definition accepting_run :: "sym list \<Rightarrow> bool list \<Rightarrow> bool" where
  "accepting_run w acts \<longleftrightarrow> valid_run w acts \<and> qpos acts (length w) = []"

definition matched :: "sym list \<Rightarrow> bool list \<Rightarrow> nat \<Rightarrow> nat \<Rightarrow> bool" where
  "matched w acts j i \<longleftrightarrow> i < length w \<and> \<not> acts ! i \<and> qpos acts i \<noteq> [] \<and> hd (qpos acts i) = j"

definition tp_m :: "nat list \<Rightarrow> nat" where
  "tp_m S = length S div 3"

definition tp_B :: "nat list \<Rightarrow> nat" where
  "tp_B S = sum_list S div tp_m S"

definition three_partition :: "nat list \<Rightarrow> bool" where
  "three_partition S \<longleftrightarrow> 0 < length S \<and> 3 dvd length S \<and> tp_m S dvd sum_list S \<and>
     (\<forall>n \<in> set S. tp_B S < 4 * n \<and> 2 * n < tp_B S)"

text \<open>n_k (1-indexed).\<close>
definition nk :: "nat list \<Rightarrow> nat \<Rightarrow> nat" where
  "nk S k = S ! (k - 1)"

definition pw :: "sym list \<Rightarrow> nat \<Rightarrow> sym list" where
  "pw u i = concat (replicate i u)"

definition U :: "nat \<Rightarrow> sym list" where
  "U l = [A1, A1] @ replicate l Bs @ [A2, A2]"

definition v :: "nat \<Rightarrow> sym list" where
  "v l = [C1] @ replicate l Xs @ replicate l Ys @ [C2]"

definition D :: "nat list \<Rightarrow> nat \<Rightarrow> sym list" where
  "D S k = pw (U (nk S k)) (3 * tp_m S - k + 1)"

definition E :: "nat list \<Rightarrow> nat \<Rightarrow> sym list" where
  "E S k = pw (U (tp_B S)) (3 * tp_m S - k) @ [A1] @ replicate (nk S k) Bs @ [A2]
           @ pw (U (tp_B S)) (3 * tp_m S - k)"

definition F :: "nat list \<Rightarrow> nat \<Rightarrow> sym list" where
  "F S k = pw (U (tp_B S)) (2 * (3 * tp_m S - k))"

definition Load :: "nat list \<Rightarrow> sym list" where
  "Load S = E0 # concat (replicate (tp_m S) (replicate (2 * tp_B S) Bs @ [Ee]))"

definition Dist :: "nat list \<Rightarrow> sym list" where
  "Dist S = E0 # concat (replicate (tp_m S) (pw ([A1] @ replicate (tp_B S) Bs @ [A2]) 3 @ [Ee]))"

definition Ver :: "nat list \<Rightarrow> sym list" where
  "Ver S = concat (map (\<lambda>k.
      v (4*k-3) @ D S k @ v (4*k-3) @ v (4*k-2) @ D S k @ v (4*k-2) @
      v (4*k-1) @ E S k @ v (4*k-1) @ v (4*k) @ F S k @ v (4*k)) [1..<3 * tp_m S + 1])"

definition wS :: "nat list \<Rightarrow> sym list" where
  "wS S = Load S @ Dist S @ Ver S"

text \<open>V-Condition: for each l in 1..12m, the symbols of the second occurrence of v_l
in w_S are matched against the corresponding symbols of the first occurrence.
(Each v_l occurs exactly twice as a factor of w_S; p < q range over its occurrence
positions.)\<close>
definition V_condition :: "nat list \<Rightarrow> bool list \<Rightarrow> bool" where
  "V_condition S acts \<longleftrightarrow>
     (\<forall>l. 1 \<le> l \<and> l \<le> 12 * tp_m S \<longrightarrow>
        (\<forall>p q. p < q \<and> take (length (v l)) (drop p (wS S)) = v l
                     \<and> take (length (v l)) (drop q (wS S)) = v l \<longrightarrow>
           (\<forall>t < length (v l). matched (wS S) acts (p + t) (q + t))))"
---*---
**Action item**
Working from the entries above, find every line in which the word "matched" occurs and copy it.

**Answer**
definition matched :: "sym list \<Rightarrow> bool list \<Rightarrow> nat \<Rightarrow> nat \<Rightarrow> bool" where
  "matched w acts j i \<longleftrightarrow> i < length w \<and> \<not> acts ! i \<and> qpos acts i \<noteq> [] \<and> hd (qpos acts i) = j"
in w_S are matched against the corresponding symbols of the first occurrence.
           (\<forall>t < length (v l). matched (wS S) acts (p + t) (q + t))))"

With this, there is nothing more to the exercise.